Your goal:
From the first line of the data below, copy each line up to the one containing "by (simp add: Omega_int_def)", and include that line too.

Saved entries:

lemma hom_ext_remove_component_Omega:
  assumes psi: "psi \<in> PsiClass" and t: "t \<in> Omega"
  shows "hom_ext psi (t - t$i *\<^sub>R axis i 1) \<le> psi t"
proof (cases "t \<in> Omega_int")
  case True
  then have ti: "t$i < 1"
    by (simp add: Omega_int_def)
  define w where "w = (\<chi> j. if j = i then 0 else t$j / (1 - t$i))"
  have tw: "t - t$i *\<^sub>R axis i 1 = (1 - t$i) *\<^sub>R w"
    using ti by (auto simp: vec_eq_iff w_def axis_def)
  have "(\<Sum>j\<in>UNIV. (t - t$i *\<^sub>R axis i 1)$j) = (\<Sum>j\<in>UNIV. t$j) - t$i * (\<Sum>j\<in>UNIV. axis i 1 $ j)"
    by (simp add: sum_subtractf sum_distrib_left)
  then have "(\<Sum>j\<in>UNIV. (t - t$i *\<^sub>R axis i 1)$j) = 1 - t$i"
    using t by (simp add: Omega_def axis_def)
  then have "(1 - t$i) * (\<Sum>j\<in>UNIV. w$j) = 1 - t$i"
    by (simp add: tw sum_distrib_left)
  then have "w \<in> Omega"
    using t ti by (auto simp: Omega_def w_def)
  then have "hom_ext psi (t - t$i *\<^sub>R axis i 1) = (1 - t$i) * psi w"
    using ti by (simp add: tw hom_ext_scaleR hom_ext_Omega)
  also have "\<dots> \<le> psi t"
    using PsiClassD(4)[OF psi True] by (simp add: w_def)
  finally show ?thesis .
next
  case False
  then obtain j where "1 \<le> t$j"
    using t by (auto simp: Omega_int_def not_less)
  then have tj: "t = axis j 1"
    using Omega_eq_axis[OF t] by blast
  show ?thesis
  proof (cases "j = i")
    case True
    then show ?thesis
      using PsiClassD(3)[OF psi] by (simp add: tj)
  next
    case False
    then have "t - t$i *\<^sub>R axis i 1 = t"
      by (simp add: tj axis_def)
    then show ?thesis
      by (simp add: hom_ext_Omega[OF t])
  qed
qed

lemma hom_ext_remove_component:
  assumes psi: "psi \<in> PsiClass" and "0 \<le> y"
  shows "hom_ext psi (y - y$i *\<^sub>R axis i 1) \<le> hom_ext psi y"
proof -
  obtain a t where a: "0 \<le> a" and t: "t \<in> Omega" and y: "y = a *\<^sub>R t"
    using nonneg_vec_decompose[OF \<open>0 \<le> y\<close>] .
  have "y - y$i *\<^sub>R axis i 1 = a *\<^sub>R (t - t$i *\<^sub>R axis i 1)"
    by (simp add: y algebra_simps)
  then show ?thesis
    using hom_ext_remove_component_Omega[OF psi t, of i] a
    by (simp add: y hom_ext_scaleR hom_ext_Omega[OF t] mult_left_mono)
qed

lemma hom_ext_decrease_component:
  assumes psi: "psi \<in> PsiClass" and y: "0 \<le> y" and d: "0 \<le> d" "d \<le> y$i"
  shows "hom_ext psi (y - d *\<^sub>R axis i 1) \<le> hom_ext psi y"
proof (cases "y$i = 0")
  case True
  then show ?thesis
    using d by simp
next
  case False
  define u where "u = d / y$i"
  have u: "0 \<le> u" "u \<le> 1"
    using d False by (auto simp: u_def)
  have z: "0 \<le> y - y$i *\<^sub>R axis i 1"
    using y by (simp add: less_eq_vec_def axis_def)
  have "y - d *\<^sub>R axis i 1 = (1 - u) *\<^sub>R y + u *\<^sub>R (y - y$i *\<^sub>R axis i 1)"
    using False by (simp add: u_def algebra_simps)
  then have "hom_ext psi (y - d *\<^sub>R axis i 1)
      \<le> (1 - u) * hom_ext psi y + u * hom_ext psi (y - y$i *\<^sub>R axis i 1)"
    using hom_ext_convex_comb[OF PsiClassD(1)[OF psi] y z u] by simp
  also have "\<dots> \<le> (1 - u) * hom_ext psi y + u * hom_ext psi y"
    using hom_ext_remove_component[OF psi y] u by (simp add: mult_left_mono)
  finally show ?thesis
    by (simp add: algebra_simps)
qed

lemma hom_ext_mono:
  fixes x y :: "real^'n"
  assumes psi: "psi \<in> PsiClass" and "0 \<le> x" "x \<le> y"
  shows "hom_ext psi x \<le> hom_ext psi y"
proof -
  have "\<forall>x y. 0 \<le> x \<longrightarrow> x \<le> y \<longrightarrow> (\<forall>j. j \<notin> F \<longrightarrow> x$j = y$j) \<longrightarrow> hom_ext psi x \<le> hom_ext psi y"
    if "finite F" for F :: "'n set"
    using that
  proof (induction F)
    case empty
    then show ?case
      by (simp flip: vec_eq_iff)
  next
    case (insert i F)
    show ?case
    proof (intro allI impI)
      fix x y :: "real^'n"
      assume x: "0 \<le> x" and xy: "x \<le> y" and agree: "\<forall>j. j \<notin> insert i F \<longrightarrow> x$j = y$j"
      define z where "z = y - (y$i - x$i) *\<^sub>R axis i 1"
      have "hom_ext psi x \<le> hom_ext psi z"
        using insert.IH x xy agree by (auto simp: z_def less_eq_vec_def axis_def)
      also have "\<dots> \<le> hom_ext psi y"
        unfolding z_def using x xy
        by (intro hom_ext_decrease_component[OF psi]) (auto simp: less_eq_vec_def intro: order_trans)
      finally show "hom_ext psi x \<le> hom_ext psi y" .
    qed
  qed
  from this[of UNIV] show ?thesis
    using assms by simp
qed

lemma component_le_hom_ext:
  assumes psi: "psi \<in> PsiClass" and "0 \<le> y"
  shows "y$i \<le> hom_ext psi y"
proof -
  have "0 \<le> y$i *\<^sub>R axis i (1::real)" "y$i *\<^sub>R axis i 1 \<le> y"
    using \<open>0 \<le> y\<close> by (auto simp: less_eq_vec_def axis_def)
  then have "hom_ext psi (y$i *\<^sub>R axis i 1) \<le> hom_ext psi y"
    by (rule hom_ext_mono[OF psi])
  moreover have "0 \<le> y$i"
    using \<open>0 \<le> y\<close> by (simp add: less_eq_vec_def)
  ultimately show ?thesis
    by (simp add: hom_ext_scaleR hom_ext_Omega[OF axis_in_Omega] PsiClassD(3)[OF psi])
qed

lemma component_le_PsiClass: "psi \<in> PsiClass \<Longrightarrow> t \<in> Omega \<Longrightarrow> t$i \<le> psi t"
  using component_le_hom_ext[of psi t i] by (simp add: Omega_iff hom_ext_Omega)

lemma PsiClass_le_one:
  assumes psi: "psi \<in> PsiClass" and t: "t \<in> Omega"
  shows "psi t \<le> 1"
proof -
  have "t = (\<Sum>i\<in>UNIV. t$i *\<^sub>R axis i 1)"
    using basis_expansion[of t] by (simp add: scalar_mult_eq_scaleR)
  also have "psi \<dots> \<le> (\<Sum>i\<in>UNIV. t$i * psi (axis i 1))"
    using t axis_in_Omega
    by (intro convex_on_sum[OF _ _ PsiClassD(1)[OF psi]]) (auto simp: Omega_def)
  finally show ?thesis
    using t by (simp add: PsiClassD(3)[OF psi] Omega_def)
qed

lemma Omega_large_component:
  fixes t :: "real^'n"
  assumes "t \<in> Omega"
  obtains i where "1 / real CARD('n) \<le> t$i"
proof (rule ccontr)
  assume "\<not> thesis"
  then have "\<forall>i. t$i < 1 / real CARD('n)"
    using that by (meson not_le)
  then have "(\<Sum>i\<in>UNIV. t$i) < (\<Sum>i\<in>(UNIV :: 'n set). 1 / real CARD('n))"
    by (intro sum_strict_mono) auto
  also have "\<dots> = 1"
    by simp
  finally show False
    using assms by (simp add: Omega_def)
qed

lemma PsiClass_bounds:
  fixes psi :: "real^'n \<Rightarrow> real"
  assumes "psi \<in> PsiClass" and t: "t \<in> Omega"
  shows "1 / real CARD('n) \<le> psi t" "psi t \<le> 1"
proof -
  obtain i where "1 / real CARD('n) \<le> t$i"
    using Omega_large_component[OF t] .
  then show "1 / real CARD('n) \<le> psi t"
    using component_le_PsiClass[OF assms, of i] by linarith
  show "psi t \<le> 1"
    using PsiClass_le_one[OF assms] .
qed

lemma PsiClass_pos: "psi \<in> PsiClass \<Longrightarrow> t \<in> Omega \<Longrightarrow> 0 < psi t"
  using PsiClass_bounds(1)[of psi t] by (simp add: order_less_le_trans[rotated])

section \<open>The dual function\<close>

lemma inner_le_PsiClass:
  assumes psi: "psi \<in> PsiClass" and s: "s \<in> Omega" and t: "t \<in> Omega"
  shows "t \<bullet> s \<le> psi t"
proof -
  have "t \<bullet> s = (\<Sum>i\<in>UNIV. t$i * s$i)"
    by (simp add: inner_vec_def)
  also have "\<dots> \<le> (\<Sum>i\<in>UNIV. psi t * s$i)"
    using component_le_PsiClass[OF psi t] s by (intro sum_mono mult_right_mono) (auto simp: Omega_def)
  also have "\<dots> = psi t"
    using s by (simp add: Omega_def flip: sum_distrib_left)
  finally show ?thesis .
qed

lemma inner_nonneg_Omega: "s \<in> Omega \<Longrightarrow> t \<in> Omega \<Longrightarrow> 0 \<le> t \<bullet> s"
  by (auto simp: Omega_def inner_vec_def intro!: sum_nonneg)

lemma dual_fun_upper:
  assumes psi: "psi \<in> PsiClass" and s: "s \<in> Omega" and t: "t \<in> Omega"
  shows "t \<bullet> s / psi t \<le> dual_fun psi s"
proof -
  have "bdd_above ((\<lambda>t. t \<bullet> s / psi t) ` Omega)"
    using inner_le_PsiClass[OF psi s] PsiClass_pos[OF psi]
    by (intro bdd_aboveI[where M = 1]) (auto simp: divide_le_eq_1)
  then show ?thesis
    unfolding dual_fun_def using t by (rule cSUP_upper2) simp
qed

lemma dual_fun_least: "(\<And>t. t \<in> Omega \<Longrightarrow> t \<bullet> s / psi t \<le> c) \<Longrightarrow> dual_fun psi s \<le> c"
  unfolding dual_fun_def by (rule cSUP_least[OF Omega_nonempty])

lemma dual_fun_bounds:
  fixes psi :: "real^'n \<Rightarrow> real"
  assumes psi: "psi \<in> PsiClass" and s: "s \<in> Omega"
  shows "1 / real CARD('n) \<le> dual_fun psi s" "dual_fun psi s \<le> 1"
proof -
  obtain i where "1 / real CARD('n) \<le> s$i"
    using Omega_large_component[OF s] .
  also have "s$i = axis i 1 \<bullet> s / psi (axis i 1)"
    by (simp add: PsiClassD(3)[OF psi] inner_axis')
  also have "\<dots> \<le> dual_fun psi s"
    by (rule dual_fun_upper[OF psi s axis_in_Omega])
  finally show "1 / real CARD('n) \<le> dual_fun psi s" .
  show "dual_fun psi s \<le> 1"
    using inner_le_PsiClass[OF psi s] PsiClass_pos[OF psi]
    by (intro dual_fun_least) (simp add: divide_le_eq_1)
qed

lemma dual_fun_pos: "psi \<in> PsiClass \<Longrightarrow> s \<in> Omega \<Longrightarrow> 0 < dual_fun psi s"
  using dual_fun_bounds(1)[of psi s] by (simp add: order_less_le_trans[rotated])

lemma dual_fun_antimono_scaled:
  assumes psi: "psi \<in> PsiClass" and phi: "phi \<in> PsiClass" and k: "0 < k"
    and le: "\<And>t. t \<in> Omega \<Longrightarrow> k * phi t \<le> psi t" and s: "s \<in> Omega"
  shows "k * dual_fun psi s \<le> dual_fun phi s"
proof -
  have "t \<bullet> s / psi t \<le> dual_fun phi s / k" if t: "t \<in> Omega" for t
  proof -
    have "t \<bullet> s / psi t \<le> t \<bullet> s / (k * phi t)"
      using inner_nonneg_Omega[OF s t] le[OF t] PsiClass_pos[OF phi t] PsiClass_pos[OF psi t] k
      by (intro divide_left_mono) auto
    also have "\<dots> = (t \<bullet> s / phi t) / k"
      by simp
    also have "\<dots> \<le> dual_fun phi s / k"
      using k by (intro divide_right_mono dual_fun_upper[OF phi s t]) simp
    finally show ?thesis .
  qed
  then have "dual_fun psi s \<le> dual_fun phi s / k"
    by (rule dual_fun_least)
  then show ?thesis
    using k by (simp add: field_simps)
qed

Exercise output:
lemma hom_ext_remove_component_Omega:
  assumes psi: "psi \<in> PsiClass" and t: "t \<in> Omega"
  shows "hom_ext psi (t - t$i *\<^sub>R axis i 1) \<le> psi t"
proof (cases "t \<in> Omega_int")
  case True
  then have ti: "t$i < 1"
    by (simp add: Omega_int_def)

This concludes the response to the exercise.